Exercise requirements. The answer must consist of every line from the entries below that contains the word "blast".

Given records.
--- --- ---

(* Let $(\mathcal T(n))_{n\in\mathbb N}$ be the triangle Markov chain obtained by iterated random barycentric subdivision started from an arbitrary triangle, and let $J_n=J(\mathcal T(n))$. Then almost surely $\limsup_{n\to\infty}J_n=+\infty$.
   Context: A triangle is given by three points of the plane which are not all equal. Barycentric subdivision: if a triangle has vertices $A,B,C$, let $D,E,F$ be the midpoints of $[A,B],[B,C],[C,A]$ and $G$ its barycenter; the medians cut it into the six triangles $\{A,D,G\},\{D,B,G\},\{B,E,G\},\{E,C,G\},\{C,F,G\},\{F,A,G\}$. The triangle Markov chain: $\mathcal T(0)$ is given and $\mathcal T(n+1)$ is chosen uniformly among the six triangles of the barycentric subdivision of $\mathcal T(n)$, independently of the past. For a triangle $\mathcal T$, $J(\mathcal T)\in(0,+\infty]$ is the sum of the squares of the lengths of its three edges divided by its area (with $J(\mathcal T)=+\infty$ iff $\mathcal T$ is flat, i.e. has zero area). *)

theory Defs
  imports "HOL-Probability.Probability"
begin

type_synonym triangle = "complex \<times> complex \<times> complex"

definition nondegenerate_input :: "triangle \<Rightarrow> bool" where
  "nondegenerate_input T = (case T of (A, B, C) \<Rightarrow> \<not> (A = B \<and> B = C))"

text \<open>Area: half the absolute value of the cross product of B - A and C - A.\<close>
definition tri_area :: "triangle \<Rightarrow> real" where
  "tri_area T = (case T of (A, B, C) \<Rightarrow> \<bar>Im (cnj (B - A) * (C - A))\<bar> / 2)"

definition J :: "triangle \<Rightarrow> ereal" where
  "J T = (case T of (A, B, C) \<Rightarrow>
     (if tri_area T = 0 then \<infinity>
      else ereal (((cmod (B - A))\<^sup>2 + (cmod (C - B))\<^sup>2 + (cmod (A - C))\<^sup>2) / tri_area T)))"

definition subdiv :: "triangle \<Rightarrow> nat \<Rightarrow> triangle" where
  "subdiv T i = (case T of (A, B, C) \<Rightarrow>
     (let D = (A + B) / 2; E = (B + C) / 2; F = (C + A) / 2; G = (A + B + C) / 3
      in [(A, D, G), (D, B, G), (B, E, G), (E, C, G), (C, F, G), (F, A, G)] ! i))"

text \<open>The triangle Markov chain, driven by an i.i.d. sequence of choices in {0..5}.\<close>
fun tri_chain :: "triangle \<Rightarrow> nat stream \<Rightarrow> nat \<Rightarrow> triangle" where
  "tri_chain T0 \<omega> 0 = T0"
| "tri_chain T0 \<omega> (Suc n) = subdiv (tri_chain T0 \<omega> n) (\<omega> !! n)"

definition choices :: "nat stream measure" where
  "choices = stream_space (measure_pmf (pmf_of_set {..<6::nat}))"

end

theory Submission
  imports Defs
begin

text \<open>
  Always choosing the corner triangle \<open>(A, D, G)\<close> halves the side \<open>AB\<close> and divides the
  area by 6.  Hence if \<open>T'\<close> arises from \<open>T\<close> by \<open>n\<close> such choices, then
  \<open>J T \<ge> |AC|\<^sup>2 / area T\<close> and \<open>J T' \<ge> |AB|\<^sup>2 (3/2)\<^sup>n / area T\<close>, and since
  \<open>2 area T \<le> |AB| |AC|\<close> their product is at least \<open>4 (3/2)\<^sup>n\<close>: one of the two is large.
  With probability one the i.i.d. choice sequence contains runs of the symbol 0 of every length
  infinitely often, so \<open>J\<close> exceeds every bound infinitely often.
\<close>

lemma (in prob_space) prob_run_sdrop:
  assumes [measurable]: "A \<in> sets M" "Measurable.pred (stream_space M) R"
  shows "\<P>(\<omega> in stream_space M. (\<forall>i<n. \<omega> !! i \<in> A) \<and> R (sdrop n \<omega>)) =
    prob A ^ n * \<P>(\<omega> in stream_space M. R \<omega>)"
proof (induction n)
  case 0
  show ?case by simp
next
  case (Suc n)
  have "ennreal (\<P>(\<omega> in stream_space M. (\<forall>i<Suc n. \<omega> !! i \<in> A) \<and> R (sdrop (Suc n) \<omega>)))
      = (\<integral>\<^sup>+t. \<P>(\<omega> in stream_space M. t \<in> A \<and> (\<forall>i<n. \<omega> !! i \<in> A) \<and> R (sdrop n \<omega>)) \<partial>M)"
    by (subst prob_stream_space) (simp_all add: All_less_Suc2)
  also have "\<dots> = (\<integral>\<^sup>+t. ennreal (prob A ^ n * \<P>(\<omega> in stream_space M. R \<omega>)) * indicator A t \<partial>M)"
    by (intro nn_integral_cong) (simp add: Suc split: split_indicator)
  also have "\<dots> = ennreal (prob A ^ Suc n * \<P>(\<omega> in stream_space M. R \<omega>))"
    by (subst nn_integral_cmult_indicator)
       (simp_all add: emeasure_eq_measure ennreal_mult[symmetric] mult_ac)
  finally show ?case
    by simp
qed

lemma (in prob_space) prob_sdrop:
  assumes [measurable]: "Measurable.pred (stream_space M) R"
  shows "\<P>(\<omega> in stream_space M. R (sdrop n \<omega>)) = \<P>(\<omega> in stream_space M. R \<omega>)"
proof -
  have "{\<omega> \<in> space (stream_space M). (\<forall>i<n. \<omega> !! i \<in> space M) \<and> R (sdrop n \<omega>)} =
      {\<omega> \<in> space (stream_space M). R (sdrop n \<omega>)}"
    by (auto simp: space_stream_space streams_iff_snth)
  then show ?thesis
    using prob_run_sdrop[of "space M" R n] by (simp add: prob_space)
qed

lemma (in prob_space) prob_never_run:
  assumes [measurable]: "A \<in> sets M" and pos: "prob A > 0"
  shows "\<P>(\<omega> in stream_space M. \<forall>j. \<not> (\<forall>i<n. \<omega> !! (j + i) \<in> A)) = 0"
proof -
  interpret S: prob_space "stream_space M"
    by (rule prob_space_stream_space)
  define R where "R \<omega> \<longleftrightarrow> (\<forall>j. \<not> (\<forall>i<n. \<omega> !! (j + i) \<in> A))" for \<omega>
  define run where "run \<omega> \<longleftrightarrow> (\<forall>i<n. \<omega> !! i \<in> A)" for \<omega>
  have [measurable]: "Measurable.pred (stream_space M) R" "Measurable.pred (stream_space M) run"
    unfolding R_def run_def by measurable
  \<comment> \<open>By independence of prefix and tail this gives \<open>P R \<le> (1 - prob A ^ n) * P R\<close>.\<close>
  have R_shift: "\<not> run \<omega> \<and> R (sdrop n \<omega>)" if "R \<omega>" for \<omega>
  proof
    show "\<not> run \<omega>"
      using that[unfolded R_def, rule_format, of 0] by (simp add: run_def)
    show "R (sdrop n \<omega>)"
      using that[unfolded R_def, rule_format, of "n + _"] by (simp add: R_def sdrop_snth add.assoc)
  qed
  have "\<P>(\<omega> in stream_space M. R \<omega>) \<le> \<P>(\<omega> in stream_space M. \<not> run \<omega> \<and> R (sdrop n \<omega>))"
    using R_shift by (intro S.finite_measure_mono) auto
  also have "\<dots> = \<P>(\<omega> in stream_space M. R (sdrop n \<omega>)) - \<P>(\<omega> in stream_space M. run \<omega> \<and> R (sdrop n \<omega>))"
  proof -
    have "{\<omega> \<in> space (stream_space M). \<not> run \<omega> \<and> R (sdrop n \<omega>)} =
        {\<omega> \<in> space (stream_space M). R (sdrop n \<omega>)} -
        {\<omega> \<in> space (stream_space M). run \<omega> \<and> R (sdrop n \<omega>)}"
      by auto
    then show ?thesis
      by (simp only:) (rule S.finite_measure_Diff; auto)
  qed
  also have "\<dots> = (1 - prob A ^ n) * \<P>(\<omega> in stream_space M. R \<omega>)"
    unfolding run_def by (simp add: prob_sdrop prob_run_sdrop algebra_simps)
  finally have "prob A ^ n * \<P>(\<omega> in stream_space M. R \<omega>) \<le> 0"
    by (simp add: algebra_simps)
  with pos show ?thesis
    unfolding R_def by (meson measure_nonneg order.antisym zero_less_power mult_le_0_iff not_le)
qed

lemma (in prob_space) AE_frequently_run:
  assumes [measurable]: "A \<in> sets M" and pos: "prob A > 0"
  shows "AE \<omega> in stream_space M. \<forall>n. \<exists>\<^sub>F k in sequentially. \<forall>i<n. \<omega> !! (k + i) \<in> A"
proof -
  interpret S: prob_space "stream_space M"
    by (rule prob_space_stream_space)
  have "AE \<omega> in stream_space M. \<exists>j. \<forall>i<n. \<omega> !! (m + j + i) \<in> A" for n m
  proof -
    have "\<P>(\<omega> in stream_space M. \<forall>j. \<not> (\<forall>i<n. sdrop m \<omega> !! (j + i) \<in> A)) =
        \<P>(\<omega> in stream_space M. \<forall>j. \<not> (\<forall>i<n. \<omega> !! (j + i) \<in> A))"
      by (rule prob_sdrop) measurable
    also have "\<dots> = 0"
      using prob_never_run pos by simp
    finally have "\<P>(\<omega> in stream_space M. \<forall>j. \<not> (\<forall>i<n. sdrop m \<omega> !! (j + i) \<in> A)) = 0" .
    then show ?thesis
      by (subst (asm) S.prob_Collect_eq_0) (auto simp: sdrop_snth add.assoc)
  qed
  then have "AE \<omega> in stream_space M. \<forall>n m. \<exists>j. \<forall>i<n. \<omega> !! (m + j + i) \<in> A"
    by (simp add: AE_all_countable)
  then show ?thesis
    unfolding frequently_sequentially by eventually_elim (metis le_add1)
qed

definition vec_AB :: "triangle \<Rightarrow> complex" where
  "vec_AB T = fst (snd T) - fst T"

definition vec_AC :: "triangle \<Rightarrow> complex" where
  "vec_AC T = snd (snd T) - fst T"

lemma tri_area_eq: "tri_area T = \<bar>Im (cnj (vec_AB T) * vec_AC T)\<bar> / 2"
  by (cases T) (simp add: tri_area_def vec_AB_def vec_AC_def)

lemma tri_area_nonneg: "0 \<le> tri_area T"
  by (simp add: tri_area_eq)

lemma tri_area_le_norm_mult: "2 * tri_area T \<le> cmod (vec_AB T) * cmod (vec_AC T)"
  using abs_Im_le_cmod[of "cnj (vec_AB T) * vec_AC T"] by (simp add: tri_area_eq norm_mult)

lemma J_ge_norm_vec:
  assumes "tri_area T \<noteq> 0"
  shows "ereal ((cmod (vec_AB T))\<^sup>2 / tri_area T) \<le> J T"
    and "ereal ((cmod (vec_AC T))\<^sup>2 / tri_area T) \<le> J T"
proof -
  obtain A B C where T: "T = (A, B, C)" by (cases T)
  have "0 < tri_area T" using assms tri_area_nonneg[of T] by simp
  then show "ereal ((cmod (vec_AB T))\<^sup>2 / tri_area T) \<le> J T"
      "ereal ((cmod (vec_AC T))\<^sup>2 / tri_area T) \<le> J T"
    using assms by (auto simp: T J_def vec_AB_def vec_AC_def norm_minus_commute intro!: divide_right_mono)
qed

definition corner :: "triangle \<Rightarrow> triangle" where
  "corner T = subdiv T 0"

lemma corner_simps: "corner (A, B, C) = (A, (A + B) / 2, (A + B + C) / 3)"
  by (simp add: corner_def subdiv_def Let_def)

lemma vec_AB_corner: "vec_AB (corner T) = vec_AB T / 2"
  by (cases T) (simp add: corner_simps vec_AB_def field_simps)

lemma tri_area_corner: "tri_area (corner T) = tri_area T / 6"
proof (cases T)
  case (fields A B C)
  have AC: "vec_AC (corner T) = (vec_AB T + vec_AC T) / 3"
    by (simp add: fields corner_simps vec_AB_def vec_AC_def field_simps)
  have cross: "Im (cnj (b / 2) * ((b + c) / 3)) = Im (cnj b * c) / 6" for b c :: complex
    by (simp add: algebra_simps)
  show ?thesis
    unfolding tri_area_eq vec_AB_corner AC cross by simp
qed

lemma vec_AB_corner_iterate: "vec_AB ((corner ^^ n) T) = vec_AB T / 2 ^ n"
  by (induction n) (simp_all add: vec_AB_corner)

lemma tri_area_corner_iterate: "tri_area ((corner ^^ n) T) = tri_area T / 6 ^ n"
  by (induction n) (simp_all add: tri_area_corner)

lemma J_eq_infinity: "tri_area T = 0 \<Longrightarrow> J T = \<infinity>"
  by (cases T) (simp add: J_def)

lemma norm_vec_product_corner_iterate:
  assumes "tri_area T \<noteq> 0"
  shows "4 * (3/2) ^ n \<le>
    (cmod (vec_AC T))\<^sup>2 / tri_area T * ((cmod (vec_AB ((corner ^^ n) T)))\<^sup>2 / tri_area ((corner ^^ n) T))"
proof -
  define a b c where "a = tri_area T" and "b = cmod (vec_AB T)" and "c = cmod (vec_AC T)"
  have "0 < a"
    using assms tri_area_nonneg[of T] by (simp add: a_def)
  have "(2::real) ^ n * 2 ^ n * (3/2) ^ n = 6 ^ n"
    by (simp flip: power_mult_distrib)
  with \<open>0 < a\<close> have iterate: "(cmod (vec_AB ((corner ^^ n) T)))\<^sup>2 / tri_area ((corner ^^ n) T) = b\<^sup>2 * (3/2) ^ n / a"
    by (simp add: vec_AB_corner_iterate tri_area_corner_iterate norm_divide norm_power a_def b_def
        field_simps power2_eq_square)
  have "(2 * a)\<^sup>2 \<le> (b * c)\<^sup>2"
    using tri_area_le_norm_mult[of T] \<open>0 < a\<close> by (intro power_mono) (simp_all add: a_def b_def c_def)
  then have "4 * a\<^sup>2 * (3/2) ^ n \<le> (b * c)\<^sup>2 * (3/2) ^ n"
    by (simp add: power_mult_distrib)
  with \<open>0 < a\<close> show ?thesis
    unfolding iterate by (simp add: a_def b_def c_def field_simps power2_eq_square)
qed

lemma J_or_J_corner_iterate_ge:
  assumes "0 < M" and "M\<^sup>2 < 4 * (3/2) ^ n"
  shows "ereal M \<le> J T \<or> ereal M \<le> J ((corner ^^ n) T)"
proof (cases "tri_area T = 0")
  case True
  then show ?thesis by (simp add: J_eq_infinity)
next
  case False
  then have area_n: "tri_area ((corner ^^ n) T) \<noteq> 0"
    by (simp add: tri_area_corner_iterate)
  define x where "x = (cmod (vec_AC T))\<^sup>2 / tri_area T"
  define y where "y = (cmod (vec_AB ((corner ^^ n) T)))\<^sup>2 / tri_area ((corner ^^ n) T)"
  have "0 \<le> x" "0 \<le> y"
    by (simp_all add: x_def y_def tri_area_nonneg)
  have "M \<le> x \<or> M \<le> y"
  proof (rule ccontr)
    assume "\<not> (M \<le> x \<or> M \<le> y)"
    then have "x * y < M * M"
      using \<open>0 \<le> x\<close> \<open>0 \<le> y\<close> by (intro mult_strict_mono) auto
    then show False
      using norm_vec_product_corner_iterate[OF False, of n] assms(2)
      by (simp add: x_def y_def power2_eq_square)
  qed
  then show ?thesis
    using J_ge_norm_vec(2)[OF False] J_ge_norm_vec(1)[OF area_n]
    unfolding x_def y_def by (meson ereal_less_eq(3) order_trans)
qed

lemma tri_chain_add_zeros:
  "(\<forall>i<n. \<omega> !! (k + i) = 0) \<Longrightarrow> tri_chain T0 \<omega> (k + n) = (corner ^^ n) (tri_chain T0 \<omega> k)"
  by (induction n) (auto simp: corner_def)

lemma limsup_eq_infinity_if_frequently_ge:
  fixes X :: "nat \<Rightarrow> ereal"
  assumes frequently_ge: "\<And>M. 0 < M \<Longrightarrow> \<exists>\<^sub>F n in sequentially. ereal M \<le> X n"
  shows "limsup X = \<infinity>"
proof (rule ereal_top)
  fix B
  show "ereal B \<le> limsup X"
  proof (rule ccontr)
    assume "\<not> ereal B \<le> limsup X"
    then have "\<forall>y > ereal B. \<forall>\<^sub>F n in sequentially. X n < y"
      by (simp flip: Limsup_le_iff)
    then have "\<forall>\<^sub>F n in sequentially. X n < ereal (max B 0 + 1)"
      by simp
    moreover have "\<exists>\<^sub>F n in sequentially. ereal (max B 0 + 1) \<le> X n"
      by (rule frequently_ge) simp
    ultimately have "\<exists>\<^sub>F n in sequentially. ereal (max B 0 + 1) \<le> X n \<and> X n < ereal (max B 0 + 1)"
      by (intro frequently_eventually_frequently)
    then show False
      by (auto simp: frequently_sequentially)
  qed
qed

lemma limsup_J_tri_chain_eq_infinity:
  assumes runs: "\<forall>n. \<exists>\<^sub>F k in sequentially. \<forall>i<n. \<omega> !! (k + i) = 0"
  shows "limsup (\<lambda>k. J (tri_chain T0 \<omega> k)) = \<infinity>"
proof (rule limsup_eq_infinity_if_frequently_ge)
  fix M :: real
  assume "0 < M"
  obtain n where "M\<^sup>2 / 4 < (3/2) ^ n"
    using real_arch_pow[of "3/2" "M\<^sup>2 / 4"] by auto
  then have large: "M\<^sup>2 < 4 * (3/2) ^ n"
    by simp
  show "\<exists>\<^sub>F k in sequentially. ereal M \<le> J (tri_chain T0 \<omega> k)"
    unfolding frequently_sequentially
  proof
    fix N
    obtain k where "N \<le> k" and "\<forall>i<n. \<omega> !! (k + i) = 0"
      using runs unfolding frequently_sequentially by blast
    then have "ereal M \<le> J (tri_chain T0 \<omega> k) \<or> ereal M \<le> J (tri_chain T0 \<omega> (k + n))"
      using J_or_J_corner_iterate_ge[OF \<open>0 < M\<close> large] by (simp add: tri_chain_add_zeros)
    with \<open>N \<le> k\<close> show "\<exists>k\<ge>N. ereal M \<le> J (tri_chain T0 \<omega> k)"
      using le_add1 order_trans by blast
  qed
qed

theorem proposition4:
  fixes T0 :: triangle
  assumes "nondegenerate_input T0"
  shows "AE \<omega> in choices. limsup (\<lambda>n. J (tri_chain T0 \<omega> n)) = \<infinity>"
proof -
  have "AE \<omega> in choices. \<forall>n. \<exists>\<^sub>F k in sequentially. \<forall>i<n. \<omega> !! (k + i) \<in> {0}"
    unfolding choices_def
    by (rule prob_space.AE_frequently_run[OF prob_space_measure_pmf])
       (simp_all add: measure_pmf_single lessThan_empty_iff)
  then show ?thesis
    by eventually_elim (simp add: limsup_J_tri_chain_eq_infinity)
qed

end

--- --- ---

Completed task.
      using runs unfolding frequently_sequentially by blast
      using le_add1 order_trans by blast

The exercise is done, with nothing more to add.